lemma weighted_connector_partial_sums:
  fixes a b :: complex
  assumes a: "Re a > 0" and b: "Re b > 0"
  shows "(\<Sum>n<Suc N. poch_over_fact b n * connector a b 0 n / (of_nat n + a))
    = pochhammer (a + 1) N * pochhammer (b + 1) N / (fact N * pochhammer (a + b + 1) N) / a"
proof (induction N)
  case 0
  then show ?case by (simp add: connector_def)
next
  case (Suc N)
  define P\<^sub>a where "P\<^sub>a = pochhammer (a + 1) N"
  define P\<^sub>b where "P\<^sub>b = pochhammer (b + 1) N"
  define P\<^sub>a\<^sub>b where "P\<^sub>a\<^sub>b = pochhammer (a + b + 1) N"
  define F where "F = (fact N :: complex)"
  define n where "n = (of_nat (Suc N) :: complex)"
  have new_term: "poch_over_fact b (Suc N) * connector a b 0 (Suc N) / (of_nat (Suc N) + a)
      = (b * P\<^sub>b / (n * F)) * (P\<^sub>a * (a + 1 + of_nat N) / (P\<^sub>a\<^sub>b * (a + b + 1 + of_nat N))) / (a + 1 + of_nat N)"
    unfolding poch_over_fact_def connector_def pochhammer_rec[of b N] fact_Suc add_0
    unfolding pochhammer_Suc P\<^sub>a_def P\<^sub>b_def P\<^sub>a\<^sub>b_def F_def n_def
    by (simp add: add_ac)
  have alg: "P\<^sub>a * X * (P\<^sub>b * Y) / (n * F * (P\<^sub>a\<^sub>b * W)) / a
      = P\<^sub>a * P\<^sub>b / (F * P\<^sub>a\<^sub>b) / a + (b * P\<^sub>b / (n * F)) * (P\<^sub>a * X / (P\<^sub>a\<^sub>b * W)) / X"
    if "n \<noteq> 0" "F \<noteq> 0" "P\<^sub>a\<^sub>b \<noteq> 0" "W \<noteq> 0" "X \<noteq> 0" "a \<noteq> 0" "X = a + n" "Y = b + n" "W = a + b + n"
    for X Y W :: complex
    using that(1-6) by (simp add: field_simps) (simp add: that(7-9) algebra_simps)
  have "n \<noteq> 0"
    unfolding n_def by (rule of_nat_neq_0)
  moreover have "P\<^sub>a\<^sub>b \<noteq> 0" "a + b + 1 + of_nat N \<noteq> 0" "a + 1 + of_nat N \<noteq> 0"
    using a b pochhammer_nonzero_Re_pos[of "a + b + 1" N] Re_pos_add_of_nat_nonzero(1)[of "a + b + 1" N]
      Re_pos_add_of_nat_nonzero(1)[of "a + 1" N]
    by (simp_all add: P\<^sub>a\<^sub>b_def)
  ultimately have "P\<^sub>a * (a + 1 + of_nat N) * (P\<^sub>b * (b + 1 + of_nat N)) / (n * F * (P\<^sub>a\<^sub>b * (a + b + 1 + of_nat N))) / a
      = P\<^sub>a * P\<^sub>b / (F * P\<^sub>a\<^sub>b) / a + poch_over_fact b (Suc N) * connector a b 0 (Suc N) / (of_nat (Suc N) + a)"
    unfolding new_term using a by (intro alg) (auto simp: n_def F_def)
  then show ?case
    using Suc.IH by (simp add: pochhammer_Suc P\<^sub>a_def P\<^sub>b_def P\<^sub>a\<^sub>b_def F_def n_def mult_ac)
qed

Problem details: Go line by line through the records above and copy each one containing "noteq".

Output for this task:
    if "n \<noteq> 0" "F \<noteq> 0" "P\<^sub>a\<^sub>b \<noteq> 0" "W \<noteq> 0" "X \<noteq> 0" "a \<noteq> 0" "X = a + n" "Y = b + n" "W = a + b + n"
  have "n \<noteq> 0"
  moreover have "P\<^sub>a\<^sub>b \<noteq> 0" "a + b + 1 + of_nat N \<noteq> 0" "a + 1 + of_nat N \<noteq> 0"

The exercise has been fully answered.